(SOURCE INFORMATION begins)
(* Fix an integer $n\ge1$. In the $q$-shuffle algebra $\mathbb V$ define the following sets, where $i,j\in\mathbb N$: $$N=\{\tilde G_i\star G_j: i+j=n\},\qquad S=\{G_i\star\tilde G_j: i+j=n\},$$ $$E=\{W_{i+1}\star W_{-j}: i+j=n-1\},\qquad W=\{W_{-i}\star W_{j+1}: i+j=n-1\}.$$ Then the sets $N\cup E$, $N\cup W$, $S\cup E$, $S\cup W$ all have the same linear span.
   Context: Let $\mathbb F$ be a field and let $q\in\mathbb F$ be nonzero and not a root of unity. Let $\mathbb V$ be the free associative $\mathbb F$-algebra on noncommuting $x,y$, with basis the words (including $1$). Juxtaposition denotes concatenation. Set $\langle x,x\rangle=\langle y,y\rangle=2$ and $\langle x,y\rangle=\langle y,x\rangle=-2$. The $q$-shuffle product $\star$ is the bilinear product determined as follows: - $1\star v=v\star 1=v$; - for nontrivial words $u=u_1\cdots u_r$ and $v=v_1\cdots v_s$, $$u\star v=u_1((u_2\cdots u_r)\star v)+v_1(u\star(v_2\cdots v_s))q^{\langle u_1,v_1\rangle+\cdots+\langle u_r,v_1\rangle}.$$ This makes $\mathbb V$ an associative algebra, the $q$-shuffle algebra. For $k\in\mathbb N$: - $W_{-k}=xyx\cdots x$ is the alternating word of length $2k+1$ beginning and ending with $x$; - $W_{k+1}=yxy\cdots y$ is the alternating word of length $2k+1$ beginning and ending with $y$; - $G_k=yxyx\cdots yx$ is the word of length $2k$; - $\tilde G_k=xyxy\cdots xy$ is the word of length $2k$; - $G_0=\tilde G_0=1$. *)

theory Defs
  imports Complex_Main "HOL-Library.Function_Algebras"
begin

datatype letter = X | Y

type_synonym word = "letter list"

text \<open>Elements of V are represented as coefficient functions on words
  (all elements arising below are finitely supported).\<close>
type_synonym 'k vec = "word \<Rightarrow> 'k"

definition basis :: "word \<Rightarrow> 'k::field vec" where
  "basis u = (\<lambda>w. if w = u then 1 else 0)"

text \<open>Left concatenation by a letter, extended linearly: a(\<Sum> c_w w) = \<Sum> c_w (a w).\<close>
definition lpre :: "letter \<Rightarrow> 'k::field vec \<Rightarrow> 'k vec" where
  "lpre a f = (\<lambda>w. case w of [] \<Rightarrow> 0 | b # w' \<Rightarrow> (if b = a then f w' else 0))"

fun ip :: "letter \<Rightarrow> letter \<Rightarrow> int" where
  "ip a b = (if a = b then 2 else -2)"

fun qsh :: "'k::field \<Rightarrow> word \<Rightarrow> word \<Rightarrow> 'k vec" where
  "qsh q [] v = basis v"
| "qsh q u [] = basis u"
| "qsh q (a # u) (b # v) =
     (\<lambda>w. lpre a (qsh q u (b # v)) w
        + q powi (sum_list (map (\<lambda>c. ip c b) (a # u))) * lpre b (qsh q (a # u) v) w)"

fun altw :: "letter \<Rightarrow> nat \<Rightarrow> word" where
  "altw a 0 = []"
| "altw a (Suc m) = a # altw (if a = X then Y else X) m"

definition Wm :: "nat \<Rightarrow> word" where "Wm k = altw X (2 * k + 1)"   \<comment> \<open>W_{-k}\<close>
definition Wp :: "nat \<Rightarrow> word" where "Wp k = altw Y (2 * k + 1)"   \<comment> \<open>W_{k+1}\<close>
definition G :: "nat \<Rightarrow> word" where "G k = altw Y (2 * k)"
definition Gt :: "nat \<Rightarrow> word" where "Gt k = altw X (2 * k)"

definition vspan :: "'k::field vec set \<Rightarrow> 'k vec set" where
  "vspan A = module.span (\<lambda>c f w. c * f w) A"

end

theory Submission
  imports Defs
begin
(SOURCE INFORMATION ends)
* WHAT YOU HAVE TO DO: Where the listing above has a line with "(all elements arising", start there, and output every line exactly through the line with "u = (\<lambda>w.", which is also included.

* RESPONSE FOR THIS EXERCISE:
  (all elements arising below are finitely supported).\<close>
type_synonym 'k vec = "word \<Rightarrow> 'k"

definition basis :: "word \<Rightarrow> 'k::field vec" where
  "basis u = (\<lambda>w. if w = u then 1 else 0)"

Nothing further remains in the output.